To vlemma tou Odyssea


"Size bir hikâye anlatacağım. İki yıl önce film çekimi için Delos Adası'nda bir mekân arıyordum. Güneşin altında parlayan o eşsiz harabelerde kırık mermerler ve yıkık sütunlar arasında dolaşıyordum korkuya kapılan kertenkeleler mezar taşlarının arasına kaçışıyor adeta ıssızlığın ortasına çekilip gözden yok oluveriyorlardı. Sonra birden bire bir ses duydum çok derinlerden toprağın içinden geliyor gibiydi. Başımı kaldırdığımda tepenin üzerinde dalları yere doğru eğilmiş yaşlı bir zeytin ağacı gördüm. Öyle heybetli ama bir o kadar yaşlı, dalları sanki köklerini arar gibi toprağa eğilmiş yapayalnız ve yaşlı bir ağaç. Derken büyük bir çatırtıyla devrildi ve Apollon'un taş heykeline çarptı. Heykelin başı tepeden yuvarlandı. Ben ise yürüyordum. Küçük gizli bir geçide ulaştım. Efsaneye göre burası Apollon'un doğduğu yerdi. Polaroid makinemi çıkartıp düğmesine bastım. Fotoğraf çıktığında büyük bir hayretle gördüm ki görüntüde hiçbir şey yoktu. Başka bir açıdan yeniden denedim. Hiçbir şey. Sadece boş negatif fotoğraflar çekiyordum. Sanki bakıyor da görmüyor gibi. Durmadan çekmeye devam ettim ama aynı boş kareler ve kara delikler. Güneş denizin içine battı. Sanki o da terk edip gider gibiydi. Ben de karanlığa battığımı hissediyordum. Film arşivi bana bu projeyi teklif ettiğinde... Bir çıkış yolu olur diye… çok heveslenmiştim. Bir süre sonra vazgeçebilirdim belki ama bir şey keşfettim: Üç bobin film. Sinema tarihinde hiç sözü edilmeyen üç bobin. Bana ne olduğunu bilmiyorum ama bundan tuhaf bir şekilde etkilenmiştim. Bu duygudan kurtulmaya, onu içimden söküp atmaya çalıştım, ama başaramadım. Üç bobin. Belki banyo edilmemiş bütün bir film. Belki de ilk film. İlk bakış... Kaybolmuş bir bakış. Kaybolmuş bir masumiyet. Benim için bir saplantıya dönüştü. Sanki benim filmimdi o. Benim ilk bakışımdı. Uzun yıllar önce yitirdiğim bakış…"

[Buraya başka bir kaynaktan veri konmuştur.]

(* Let $(t_1,s_1),(t_2,s_2)\in\mathbb{C}^\times\times\mathbb{C}^\times$ with $t_1\ne t_2$ and $s_1\neq s_2$, let $X_1=A_2(t_1,s_1)$, $X_2=A_2(t_2,s_2)$, let $\varepsilon_0=\det(X_1)+\det(X_2)-\det(X_1+X_2)$, and let $f_n(z)=\sum_{k=0}^{\lfloor n/2\rfloor}(-1)^k\frac{n}{n-k}\binom{n-k}{k}z^{n-2k}$. Then for all $n\in\mathbb{N}$, $\bigl((X_1X_2)^n\bigr)^{-1}=f_n(\varepsilon_0)I_2-(X_1X_2)^n$ and $\bigl((X_2X_1)^n\bigr)^{-1}=f_n(\varepsilon_0)I_2-(X_2X_1)^n$.
   Context: $\mathbb{C}^\times=\mathbb{C}\setminus\{0\}$; $A_2(t,s)=\begin{pmatrix} t & s\\ \frac{1-t^2}{s} & -t\end{pmatrix}$; $I_2$ is the $2\times2$ identity matrix. *)

theory Defs
  imports "HOL-Analysis.Analysis"
begin

definition A2 :: "complex \<Rightarrow> complex \<Rightarrow> complex^2^2" where
  "A2 t s = (\<chi> i j. if i = 1 then (if j = 1 then t else s)
                      else (if j = 1 then (1 - t^2) / s else - t))"

text \<open>Matrix power with respect to matrix multiplication (the operator ^ on vec types
  is componentwise, so we define the matrix power explicitly).\<close>
definition matpow :: "'a::semiring_1^'n^'n \<Rightarrow> nat \<Rightarrow> 'a^'n^'n" where
  "matpow A n = (((**) A) ^^ n) (mat 1)"

definition f_poly :: "nat \<Rightarrow> complex \<Rightarrow> complex" where
  "f_poly n z = (\<Sum>k = 0..n div 2. (-1)^k * (of_nat n / of_nat (n - k))
                   * of_nat ((n - k) choose k) * z ^ (n - 2 * k))"

end

theory Submission
  imports Defs
begin

text \<open>
  Both X1 and X2 have trace 0 and determinant -1, so M = X1 X2 has determinant 1, and by
  polarizing the determinant, det (X + Y) = det X + det Y + tr X tr Y - tr (X Y), its trace
  is the number epsilon0 (as is that of X2 X1). For a 2 x 2 matrix of determinant 1,
  Cayley-Hamilton gives M^-1 = tr M I - M and M^(n+2) = tr M M^(n+1) - M^n, so
  tr M^n = L_n(tr M) for the Lucas polynomials L_0 = 2, L_1 = z, L_(n+2) = z L_(n+1) - L_n.
  The f_n are their closed form: the coefficient n/(n-k) C(n-k,k) equals
  C(n-k,k) + C(n-k-1,k-1), which obeys the matching Pascal rule. Applying the inverse
  formula to M^n gives the theorem.
\<close>

lemma matrix_inv_unique:
  fixes A :: "'a::semiring_1^'n^'m" and B :: "'a^'m^'n"
  assumes "A ** B = mat 1" "B ** A = mat 1"
  shows "matrix_inv A = B"
proof -
  have inv: "matrix_inv A ** A = mat 1"
    unfolding matrix_inv_def by (rule someI2[of _ B]) (simp_all add: assms)
  have "matrix_inv A = matrix_inv A ** (A ** B)"
    using assms(1) by simp
  also have "\<dots> = B"
    using inv by (simp add: matrix_mul_assoc)
  finally show ?thesis .
qed

lemma matpow_0 [simp]: "matpow A 0 = mat 1"
  by (simp add: matpow_def)

lemma matpow_Suc [simp]: "matpow A (Suc n) = A ** matpow A n"
  by (simp add: matpow_def)

lemma det_matpow: "det (matpow (A::'a::comm_ring_1^'n^'n) n) = det A ^ n"
  by (induction n) (simp_all add: det_mul det_I)

lemma matrix_diff_rdistrib: "((A::'a::ring_1^'n^'m) - B) ** C = A ** C - B ** C"
  by (simp add: vec_eq_iff matrix_matrix_mult_def sum_subtractf algebra_simps)

lemma trace_mat_mult: "trace (mat c ** (A::'a::comm_semiring_1^'n^'n)) = c * trace A"
  by (simp add: trace_def matrix_matrix_mult_def mat_def if_distrib if_distribR sum_distrib_left cong: if_cong)

lemma cayley_hamilton_2:
  fixes A :: "'a::comm_ring_1^2^2"
  shows "A ** A = mat (trace A) ** A - mat (det A)"
  by (simp add: vec_eq_iff forall_2 matrix_matrix_mult_def sum_2 det_2 trace_def mat_def algebra_simps)

lemma matrix_inv_2_det1:
  fixes A :: "'a::comm_ring_1^2^2"
  assumes "det A = 1"
  shows "matrix_inv A = mat (trace A) - A"
  by (rule matrix_inv_unique)
    (use assms in \<open>simp_all add: vec_eq_iff forall_2 matrix_matrix_mult_def sum_2 det_2 trace_def mat_def algebra_simps\<close>)

lemma matpow_Suc_Suc_det1:
  fixes A :: "'a::comm_ring_1^2^2"
  assumes "det A = 1"
  shows "matpow A (Suc (Suc n)) = mat (trace A) ** matpow A (Suc n) - matpow A n"
proof -
  have "matpow A (Suc (Suc n)) = (A ** A) ** matpow A n"
    by (simp add: matrix_mul_assoc)
  also have "\<dots> = (mat (trace A) ** A - mat 1) ** matpow A n"
    using assms by (simp add: cayley_hamilton_2)
  finally show ?thesis
    by (simp add: matrix_diff_rdistrib matrix_mul_assoc)
qed

fun lucas :: "'a::comm_ring_1 \<Rightarrow> nat \<Rightarrow> 'a" where
  "lucas z 0 = 2"
| "lucas z (Suc 0) = z"
| "lucas z (Suc (Suc n)) = z * lucas z (Suc n) - lucas z n"

lemma trace_matpow_det1:
  fixes A :: "'a::comm_ring_1^2^2"
  assumes "det A = 1"
  shows "trace (matpow A n) = lucas (trace A) n"
  by (induction "trace A" n rule: lucas.induct)
    (simp_all add: trace_I matpow_Suc_Suc_det1[OF assms] trace_sub trace_mat_mult matpow_Suc[of A 0] del: matpow_Suc)

text \<open>Truncated subtraction makes the Pascal rule for these coefficients hold only from
  n = 2 on, hence the side conditions below.\<close>

definition lucas_coeff :: "nat \<Rightarrow> nat \<Rightarrow> nat" where
  "lucas_coeff n k = ((n - k) choose k) + (if k = 0 then 0 else (n - k - 1) choose (k - 1))"

lemma of_nat_lucas_coeff:
  assumes "n \<ge> 1" "k \<le> n div 2"
  shows "of_nat n / of_nat (n - k) * of_nat ((n - k) choose k) = (of_nat (lucas_coeff n k) :: 'a::field_char_0)"
proof (cases "k = 0")
  case True
  then show ?thesis using assms by (simp add: lucas_coeff_def)
next
  case False
  define m where "m = n - k"
  have "m \<ge> 1" "n = m + k"
    using assms False unfolding m_def by auto
  have "k * (m choose k) = m * ((m - 1) choose (k - 1))"
    using times_binomial_minus1_eq False by auto
  then have "n * (m choose k) = m * lucas_coeff n k"
    using \<open>n = m + k\<close> False unfolding lucas_coeff_def m_def[symmetric] by (simp add: algebra_simps)
  then have "(of_nat n * of_nat (m choose k) :: 'a) = of_nat m * of_nat (lucas_coeff n k)"
    by (metis of_nat_mult)
  then show ?thesis
    using \<open>m \<ge> 1\<close> unfolding m_def[symmetric] by (simp add: field_simps)
qed

lemma lucas_coeff_eq_0: "n \<ge> 2 \<Longrightarrow> n div 2 < k \<Longrightarrow> lucas_coeff n k = 0"
  unfolding lucas_coeff_def by (auto simp: binomial_eq_0)

lemma lucas_coeff_Suc_Suc:
  assumes "n \<ge> 2"
  shows "lucas_coeff (Suc (Suc n)) k = lucas_coeff (Suc n) k + (if k = 0 then 0 else lucas_coeff n (k - 1))"
proof (cases k)
  case 0
  then show ?thesis by (simp add: lucas_coeff_def)
next
  case (Suc j)
  consider "j < n" | "j = n" | "j > n" by linarith
  then show ?thesis
  proof cases
    case 1
    then obtain m where m: "n - j = Suc m" by (metis Suc_diff_Suc)
    then have "Suc (Suc n) - Suc j = Suc (Suc m)" "Suc n - Suc j = Suc m"
      using 1 by simp_all
    with m show ?thesis
      unfolding lucas_coeff_def Suc by (cases j) (simp_all add: binomial_Suc_Suc)
  next
    case 2
    then show ?thesis
      using assms unfolding lucas_coeff_def Suc by (cases n) (auto simp: binomial_eq_0)
  next
    case 3
    then show ?thesis
      using assms unfolding lucas_coeff_def Suc by (auto simp: binomial_eq_0)
  qed
qed

definition lucas_sum :: "nat \<Rightarrow> 'a::comm_ring_1 \<Rightarrow> nat \<Rightarrow> 'a" where
  "lucas_sum n z N = (\<Sum>k<N. (-1)^k * of_nat (lucas_coeff n k) * z ^ (n - 2 * k))"

lemma f_poly_eq_lucas_sum:
  assumes "n \<ge> 2" "n div 2 < N"
  shows "f_poly n z = lucas_sum n z N"
proof -
  have "f_poly n z = (\<Sum>k\<le>n div 2. (-1)^k * of_nat (lucas_coeff n k) * z ^ (n - 2 * k))"
    unfolding f_poly_def atLeast0AtMost
  proof (intro sum.cong refl)
    fix k
    assume "k \<in> {..n div 2}"
    then have "of_nat n / of_nat (n - k) * of_nat ((n - k) choose k) = (of_nat (lucas_coeff n k) :: complex)"
      using assms by (intro of_nat_lucas_coeff) auto
    then show "(-1)^k * (of_nat n / of_nat (n - k)) * of_nat ((n - k) choose k) * z ^ (n - 2 * k)
             = (-1)^k * of_nat (lucas_coeff n k) * z ^ (n - 2 * k)"
      by (metis mult.assoc)
  qed
  also have "\<dots> = lucas_sum n z N"
    unfolding lucas_sum_def using assms
    by (intro sum.mono_neutral_left) (auto simp: lucas_coeff_eq_0)
  finally show ?thesis .
qed

lemma times_lucas_sum_eq:
  assumes "n \<ge> 1"
  shows "(\<Sum>k<N. (-1)^k * of_nat (lucas_coeff (Suc n) k) * z ^ (Suc (Suc n) - 2 * k))
           = z * lucas_sum (Suc n) z N"
  unfolding lucas_sum_def sum_distrib_left
proof (intro sum.cong refl)
  fix k
  show "(-1)^k * of_nat (lucas_coeff (Suc n) k) * z ^ (Suc (Suc n) - 2 * k)
          = z * ((-1)^k * of_nat (lucas_coeff (Suc n) k) * z ^ (Suc n - 2 * k))"
  proof (cases "Suc n div 2 < k")
    case True
    then show ?thesis using assms by (simp add: lucas_coeff_eq_0)
  next
    case False
    then have "Suc (Suc n) - 2 * k = Suc (Suc n - 2 * k)" by auto
    then show ?thesis by simp
  qed
qed

lemma uminus_lucas_sum_eq:
  "(\<Sum>k<Suc N. if k = 0 then 0 else (-1)^k * of_nat (lucas_coeff n (k - 1)) * z ^ (Suc (Suc n) - 2 * k))
     = - lucas_sum n z N"
  unfolding lucas_sum_def sum.lessThan_Suc_shift by (simp flip: sum_negf)

lemma f_poly_Suc_Suc:
  assumes "n \<ge> 2"
  shows "f_poly (Suc (Suc n)) z = z * f_poly (Suc n) z - f_poly n z"
proof -
  have "f_poly (Suc (Suc n)) z = lucas_sum (Suc (Suc n)) z (Suc (Suc n))"
    using assms by (intro f_poly_eq_lucas_sum) auto
  also have "\<dots> = (\<Sum>k<Suc (Suc n). (-1)^k * of_nat (lucas_coeff (Suc n) k) * z ^ (Suc (Suc n) - 2 * k))
      + (\<Sum>k<Suc (Suc n). if k = 0 then 0 else (-1)^k * of_nat (lucas_coeff n (k - 1)) * z ^ (Suc (Suc n) - 2 * k))"
    unfolding lucas_sum_def lucas_coeff_Suc_Suc[OF assms] sum.distrib[symmetric]
    by (intro sum.cong) (auto simp: algebra_simps)
  also have "\<dots> = z * lucas_sum (Suc n) z (Suc (Suc n)) - lucas_sum n z (Suc n)"
    using assms by (simp only: times_lucas_sum_eq uminus_lucas_sum_eq) simp
  also have "\<dots> = z * f_poly (Suc n) z - f_poly n z"
    using assms f_poly_eq_lucas_sum[of n "Suc n"] f_poly_eq_lucas_sum[of "Suc n" "Suc (Suc n)"]
    by simp
  finally show ?thesis .
qed

text \<open>The hypothesis n \<ge> 1 is needed: f_poly 0 z = 0 because 0 / 0 = 0, while lucas z 0 = 2.\<close>

lemma f_poly_eq_lucas:
  assumes "n \<ge> 1"
  shows "f_poly n z = lucas z n"
  using assms
proof (induction n rule: less_induct)
  case (less n)
  show ?case
  proof (cases "n \<le> 3")
    case True
    with less.prems consider "n = 1" | "n = 2" | "n = 3"
      by linarith
    then show ?thesis
    proof cases
      case 1
      then show ?thesis by (simp add: f_poly_def)
    next
      case 2
      then show ?thesis by (simp add: f_poly_def numeral_eq_Suc)
    next
      case 3
      have "{0..(3::nat) div 2} = {0, 1}"
        by auto
      then show ?thesis
        using 3 by (simp add: f_poly_def numeral_eq_Suc algebra_simps)
    qed
  next
    case False
    define m where "m = n - 2"
    have "n = Suc (Suc m)" "m \<ge> 2"
      using False by (simp_all add: m_def)
    then show ?thesis
      using less.IH[of m] less.IH[of "Suc m"] by (simp add: f_poly_Suc_Suc)
  qed
qed

lemma det_add_2:
  fixes A B :: "'a::comm_ring_1^2^2"
  shows "det (A + B) = det A + det B + trace A * trace B - trace (A ** B)"
  by (simp add: det_2 trace_def matrix_matrix_mult_def sum_2 algebra_simps)

lemma trace_A2: "trace (A2 t s) = 0"
  by (simp add: trace_def sum_2 A2_def)

lemma det_A2: "s \<noteq> 0 \<Longrightarrow> det (A2 t s) = -1"
  by (simp add: det_2 A2_def field_simps power2_eq_square)

theorem mainTheorem11:
  fixes t1 s1 t2 s2 :: complex and n :: nat
  assumes "t1 \<noteq> 0" "s1 \<noteq> 0" "t2 \<noteq> 0" "s2 \<noteq> 0"
    and "t1 \<noteq> t2" "s1 \<noteq> s2"
    and "n \<ge> 1"
  shows "let X1 = A2 t1 s1; X2 = A2 t2 s2;
             \<epsilon>0 = det X1 + det X2 - det (X1 + X2)
         in matrix_inv (matpow (X1 ** X2) n) = mat (f_poly n \<epsilon>0) - matpow (X1 ** X2) n
          \<and> matrix_inv (matpow (X2 ** X1) n) = mat (f_poly n \<epsilon>0) - matpow (X2 ** X1) n"
  \<comment> \<open>only the hypotheses s1 \<noteq> 0 and s2 \<noteq> 0 are needed\<close>
proof -
  define X1 X2 where "X1 = A2 t1 s1" and "X2 = A2 t2 s2"
  have "det X1 = -1" "det X2 = -1"
    using assms(2,4) by (simp_all add: X1_def X2_def det_A2)
  then have det1: "det (X1 ** X2) = 1" "det (X2 ** X1) = 1"
    by (simp_all add: det_mul)
  have eps: "det X1 + det X2 - det (X1 + X2) = trace (X1 ** X2)"
    by (simp add: det_add_2 X1_def X2_def trace_A2)
  have inv_pow: "matrix_inv (matpow M n) = mat (f_poly n (trace M)) - matpow M n"
    if "det M = 1" for M :: "complex^2^2"
    using that assms(7)
    by (simp add: matrix_inv_2_det1 det_matpow trace_matpow_det1 f_poly_eq_lucas)
  show ?thesis
    using inv_pow[OF det1(1)] inv_pow[OF det1(2)] trace_mul_sym[of X2 X1]
    unfolding Let_def X1_def[symmetric] X2_def[symmetric] eps by simp
qed

end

A yıllardır sürgün olduğu Amerika’dan, memleketi Yunanistan’a bu “ilk bakış”ı bulmak için döner. Bir belgesel için Manakis Kardeşler’in kayıp üç bobin filmini aramaya başlayan A’yı  uzun ve zorlu bir yolculuk beklemektedir. Ama yolculuk sırasında arayacağı tek şey bu film olmayacaktır.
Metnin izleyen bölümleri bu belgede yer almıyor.